Ils aiment leur pays, mais cultivent avec ardeur leur liberté de penser. Incompatible pour l’Algérie de Tebboune et de ses généraux surtout depuis les nouveaux articles du code pénal adoptés en mai qui prévoient notamment de lourdes peines, comprises entre 20 ans à 30 ans, contre « quiconque divulgue des informations ou des documents confidentiels relatifs à la sécurité nationale et/ou à la défense nationale et/ou à l’économie nationale à travers les réseaux sociaux en vue de nuire aux intérêts de l’État algérien ou à la stabilité de ses institutions ».
Esprits libres et critiques, les écrivains Kamel Daoud, prix Goncourt pour son roman « Houris » et Boualem Sansal, pourfendeur du régime, de l’islamisme et de l’intégrisme, sont aujourd’hui victimes de cette incompatibilité. Le roman du premier est interdit, en vertu de l’article 46 de la Charte pour la paix et la réconciliation nationale qui punit d’emprisonnement quiconque « utilise ou instrumentalise les blessures de la tragédie nationale pour porter atteinte aux institutions de la République populaire algérienne et populaire, fragiliser l’Etat […] ou ternir l’image de l’Algérie sur le plan international ». Et une plainte a été déposée contre lui par une femme qui affirme qu’il s’est inspiré, sans son autorisation, de son histoire.

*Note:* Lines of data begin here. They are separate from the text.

lemma clifford_sum_square_commutator:
  assumes A: "A \<subseteq> {1..n}"
    and M: "\<And>i. i \<in> A \<Longrightarrow> pv_linear (M i)"
    and L: "\<And>i. i \<in> A \<Longrightarrow> pv_linear (L i)" "\<And>i. i \<in> A \<Longrightarrow> coefficientwise (L i)"
    and commute: "\<And>i j. i \<in> A \<Longrightarrow> j \<in> A \<Longrightarrow> i \<noteq> j \<Longrightarrow> commute_sign 1 (M j) (L i)"
    and square: "\<And>j p. j \<in> A \<Longrightarrow> M j (L j (L j p)) = (\<lambda>\<alpha>. L j (L j (M j p)) \<alpha> + c *\<^sub>R N j p \<alpha>)"
  shows "clifford_sum e A M (sum_op A (\<lambda>i q. L i (L i q)) p) =
    (\<lambda>\<alpha>. sum_op A (\<lambda>i q. L i (L i q)) (clifford_sum e A M p) \<alpha> + c *\<^sub>R clifford_sum e A N p \<alpha>)"
proof
  fix \<alpha>
  let ?Q = "sum_op A (\<lambda>i q. L i (L i q))"
  have fin: "finite A" using A finite_subset by blast
  have inA: "i \<in> {1..n}" if "i \<in> A" for i using A that by auto
  have Q: "pv_linear ?Q" "coefficientwise ?Q"
    by (rule pv_linear_sum_op, rule pv_linear_comp[OF L(1) L(1)], assumption+)
      (rule coefficientwise_sum_op, rule coefficientwise_comp[OF L(2) L(2)], assumption+)
  have MQ: "M j (?Q p) = (\<lambda>\<alpha>. ?Q (M j p) \<alpha> + c *\<^sub>R N j p \<alpha>)" if "j \<in> A" for j
    using that square[OF that] by (intro sum_op_square_commutator[where T = "M j"] fin M L(1) commute)
  have "clifford_sum e A M (?Q p) \<alpha> = (\<Sum>j\<in>A. e j (M j (?Q p) \<alpha>))"
    by (rule clifford_sum_apply)
  also have "\<dots> = (\<Sum>j\<in>A. e j (?Q (M j p) \<alpha> + c *\<^sub>R N j p \<alpha>))"
    by (simp add: MQ)
  also have "\<dots> = ?Q (clifford_sum e A M p) \<alpha> + c *\<^sub>R clifford_sum e A N p \<alpha>"
    by (simp add: clifford_sum_coefficientwise[OF A Q] clifford_sum_apply sum.distrib scaleR_sum_right
        linear_add[OF clifford_linear[OF inA]] linear_scale[OF clifford_linear[OF inA]])
  finally show "clifford_sum e A M (?Q p) \<alpha> = ?Q (clifford_sum e A M p) \<alpha> + c *\<^sub>R clifford_sum e A N p \<alpha>" .
qed

section \<open>The operators \<open>S\<^sub>A\<close> and \<open>\<Gamma>\<^sub>A\<close>\<close>

lemma pv_linear_vecxA: "A \<subseteq> {1..n} \<Longrightarrow> pv_linear (vecxA e A)"
  unfolding vecxA_eq by (rule pv_linear_clifford_sum[OF _ pv_linear_mulx])

lemma pv_linear_diracA: "A \<subseteq> {1..n} \<Longrightarrow> pv_linear (diracA e \<mu> A)"
  unfolding diracA_eq by (rule pv_linear_clifford_sum[OF _ pv_linear_dunkl])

Le second, qui a été arrêté le 16 de ce mois à son arrivée à Alger a tenu des propos intolérables pour le régime dans une interview au média français d’extrême droite Frontières. Il a ainsi affirmé que la France avait amputé le Maroc d’une partie de son territoire au profit de sa colonie algérienne et ajouté que la France n’a pas colonisé le Maroc parce que « c’est un grand État ». Or, « c’est facile de coloniser des petits trucs qui n’ont pas d’histoire, mais coloniser un État, c’est très difficile ».
La France, président de la République en tête, s’est émue de la « disparition » de Boualem Sansal dont l’arrestation a été confirmée vendredi par l’agence de presse algérienne qui se déchaîne contre la France. Une colère qui couve depuis la reconnaissance par Emmanuel Macron de la souveraineté du Maroc sur le Sahara Occidental. « L’arrestation de Boualem Sansal, pseudo intellectuel, vénéré par l’extrême-droite française, a réveillé les professionnels de l’indignation », a écrit l’APS.

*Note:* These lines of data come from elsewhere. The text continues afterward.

abbreviation xcell :: "nat \<Rightarrow> int \<Rightarrow> cell_index \<Rightarrow> (real \<times> real) set set" where
  "xcell L j k \<equiv> hatpi L j ` ycell L j k"

lemma Xcell_iff: "Xcell L j d c \<longleftrightarrow> (\<exists>k. cell_dim k = d \<and> c = xcell L j k)"
  unfolding Xcell_def Ycell_iff by blast

lemma XcellAny_iff: "XcellAny L j c \<longleftrightarrow> (\<exists>k. c = xcell L j k)"
  unfolding XcellAny_def Xcell_iff by blast

context standing_construction
begin

lemma mv_pos: "mv L > 0"
  using L_pos by (simp add: mv_def)

lemma ymesh_pos: "ymesh L j > 0"
  using mv_pos by (simp add: ymesh_def)

lemma mem_ycell_iff: "q \<in> ycell L j k \<longleftrightarrow> ycell_index L j q = k"
  using mem_grid_cell_iff[OF xmesh_pos] mem_grid_cell_iff[OF ymesh_pos]
  by (auto simp: ycell_def ycell_index_def mem_Times_iff)

lemma mem_ycell_index: "q \<in> ycell L j (ycell_index L j q)"
  by (simp add: mem_ycell_iff)

lemma mem_closure_ycell_iff: "q \<in> closure (ycell L j k) \<longleftrightarrow> ycell_index L j q \<in> faces k"
  using mem_closure_grid_cell_iff[OF xmesh_pos] mem_closure_grid_cell_iff[OF ymesh_pos]
  by (auto simp: ycell_def ycell_index_def faces_def closure_Times mem_Times_iff)

lemma ycell_nonempty: "ycell L j k \<noteq> {}"
  using grid_cell_nonempty[OF xmesh_pos] grid_cell_nonempty[OF ymesh_pos]
  by (simp add: ycell_def)

lemma ycell_subset_closure: "k' \<in> faces k \<Longrightarrow> ycell L j k' \<subseteq> closure (ycell L j k)"
  by (auto simp: mem_ycell_iff mem_closure_ycell_iff)

end

section \<open>The relation R_j\<close>

lemma eqclos_least:
  assumes "r \<subseteq> E" and E: "equiv UNIV E"
  shows "eqclos r \<subseteq> E"
proof -
  from E have "sym E" "trans E" "Id \<subseteq> E"
    by (auto elim!: equivE simp: refl_on_def)
  with assms(1) have "r \<union> r\<inverse> \<subseteq> E"
    by (auto dest: symD)
  then have "(r \<union> r\<inverse>)\<^sup>* \<subseteq> E\<^sup>*"
    by (rule rtrancl_mono)
  also have "E\<^sup>* = E"
    using \<open>trans E\<close> \<open>Id \<subseteq> E\<close> by (auto simp: rtrancl_trancl_reflcl)
  finally show ?thesis
    by (simp add: eqclos_def)
qed

lemma subset_eqclos: "r \<subseteq> eqclos r"
  by (auto simp: eqclos_def)

lemma equiv_eqclos: "equiv UNIV (eqclos r)"
  unfolding eqclos_def by (intro equivI refl_rtrancl trans_rtrancl sym_rtrancl sym_Un_converse) auto

lemma eqclos_sym: "(p, q) \<in> eqclos r \<Longrightarrow> (q, p) \<in> eqclos r"
  unfolding eqclos_def by (rule symD[OF sym_rtrancl[OF sym_Un_converse]])
lemma all_false_depends_only_on_scopes:
  "depends_only_on (scopes F) (set_pmf D) (indicator (all_false F) :: _ \<Rightarrow> real)"
  unfolding depends_only_on_indicator
proof (intro ballI impI)
  fix x y assume "x \<in> set_pmf D" "y \<in> set_pmf D" "\<forall>i\<in>scopes F. x i = y i"
  then have "phi k x = phi k y" if "k \<in> F" for k
    using that by (intro depends_only_onD[OF clause_depends_only_on_scope]) (auto simp: scopes_def)
  then show "x \<in> all_false F \<longleftrightarrow> y \<in> all_false F"
    by (auto simp: all_false_def)
qed

lemma sat_outside_depends_only_on_complement:
  "depends_only_on (- R) (set_pmf D) (indicator (sat_outside R) :: _ \<Rightarrow> real)"
  unfolding depends_only_on_indicator
proof (intro ballI impI)
  fix x y assume "x \<in> set_pmf D" "y \<in> set_pmf D" "\<forall>i\<in>- R. x i = y i"
  then have "phi k x = phi k y" if "S k \<inter> R = {}" for k
    using that by (intro depends_only_onD[OF clause_depends_only_on_scope]) auto
  then show "x \<in> sat_outside R \<longleftrightarrow> y \<in> sat_outside R"
    by (auto simp: sat_outside_def)
qed

text \<open>Where exactly F is false, a harmonic g is its own average over resampling
  \<open>scopes F\<close>; this average and \<open>sat_outside (scopes F)\<close> only see the other variables,
  whereas \<open>all_false F\<close> only sees \<open>scopes F\<close>.\<close>
lemma expectation_all_false_factor:
  fixes g :: "('i \<Rightarrow> 'a) \<Rightarrow> real"
  assumes harmonic: "harmonic g"
    and bound: "\<And>x. \<bar>g x\<bar> \<le> B"
  shows "measure_pmf.expectation D (\<lambda>x. indicator (all_false F \<inter> sat_outside (scopes F)) x * g x)
       = measure_pmf.prob D (all_false F) *
         measure_pmf.expectation D (\<lambda>x. indicator (sat_outside (scopes F)) x * g x)"
proof -
  let ?U = "scopes F"
  define h where "h x = indicator (sat_outside ?U) x * measure_pmf.expectation (resample Dd ?U x) g"
    for x
  have h_bound: "\<bar>h x\<bar> \<le> B" for x
    using abs_expectation_pmf_le[OF bound, of "resample Dd ?U x"] bound[of x]
    by (auto simp: h_def indicator_def)
  have h_dep: "depends_only_on (- ?U) (set_pmf D) h"
    unfolding h_def
    by (intro depends_only_on_mult sat_outside_depends_only_on_complement
        depends_only_on_expectation_resample)
  have "measure_pmf.expectation D (\<lambda>x. indicator (all_false F \<inter> sat_outside ?U) x * g x) =
        measure_pmf.expectation D (\<lambda>x. indicator (all_false F) x * h x)"
  proof (rule expectation_cong_set_pmf)
    fix x assume x: "x \<in> set_pmf D"
    show "indicator (all_false F \<inter> sat_outside ?U) x * g x = indicator (all_false F) x * h x"
    proof (cases "x \<in> all_false F \<inter> sat_outside ?U")
      case True
      then have "F = false_clauses x" by (simp add: false_clauses_eq_iff[OF x])
      with True x harmonic show ?thesis by (simp add: h_def harmonic_def)
    qed (auto simp: h_def indicator_def)
  qed
  also have "\<dots> = measure_pmf.prob D (all_false F) * measure_pmf.expectation D h"
    by (subst expectation_mult_independent[OF all_false_depends_only_on_scopes h_dep _ h_bound,
          where B=1]) (auto simp: indicator_def)
  also have "measure_pmf.expectation D h =
             measure_pmf.expectation D (\<lambda>x. indicator (sat_outside ?U) x * g x)"
    unfolding h_def
    by (rule expectation_mult_resample[OF sat_outside_depends_only_on_complement _ bound, where B=1])
       (auto simp: indicator_def)
  finally show ?thesis .
qed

Dans une dépêche, l’agence dénonce « l’agitation comique d’une partie de la classe politique et intellectuelle française sur le cas de Boualem Sansal », qui est pour elle une « preuve supplémentaire de l’existence d’un courant « haineux » contre l’Algérie ». « Un lobby qui ne rate pas une occasion pour remettre en cause la souveraineté algérienne », a ajouté l’APS qui remarque que « tout le bottin anti-algérien et accessoirement pro-sioniste de Paris, s’est levé comme un seul homme: Eric Zemmour, Mohamed Sifaoui, Marine Le Pen, Xavier Driencourt, Valérie Pécresse, Jack Lang, Nicolas Dupont Aignan et évidemment Tahar Benjelloun, son ami marocain qui récupère d’une sciatique à force de baise main à Mohamed VI. Tous montent au créneau pour ce révisionniste qui s’est pris les pieds dans le tapis. »
Dans cette Algérie qui inspire certains Etats, l’étau se resserre autour des journalistes, des opposants politiques, mais aussi des millions d’utilisateurs des réseaux sociaux. « Mon frère Sansal est derrière les barreaux, comme l’Algérie tout entière. », constate avec regret Kamel Daoud.
L’Algérie d’aujourd’hui, c’est un pays où plus de la moitié des 47 millions d’habitants ont moins de 30 ans et rêvent de liberté, de développement, ont soif d’entreprendre mais où les dirigeants âgés de plus de 70 ans -75 ans de moyenne pour Tebboune et ses principaux ministres- et s’accrochent à leurs pouvoirs politiques et économiques. La majorité des Algériens pensent comme Boualem Sansal.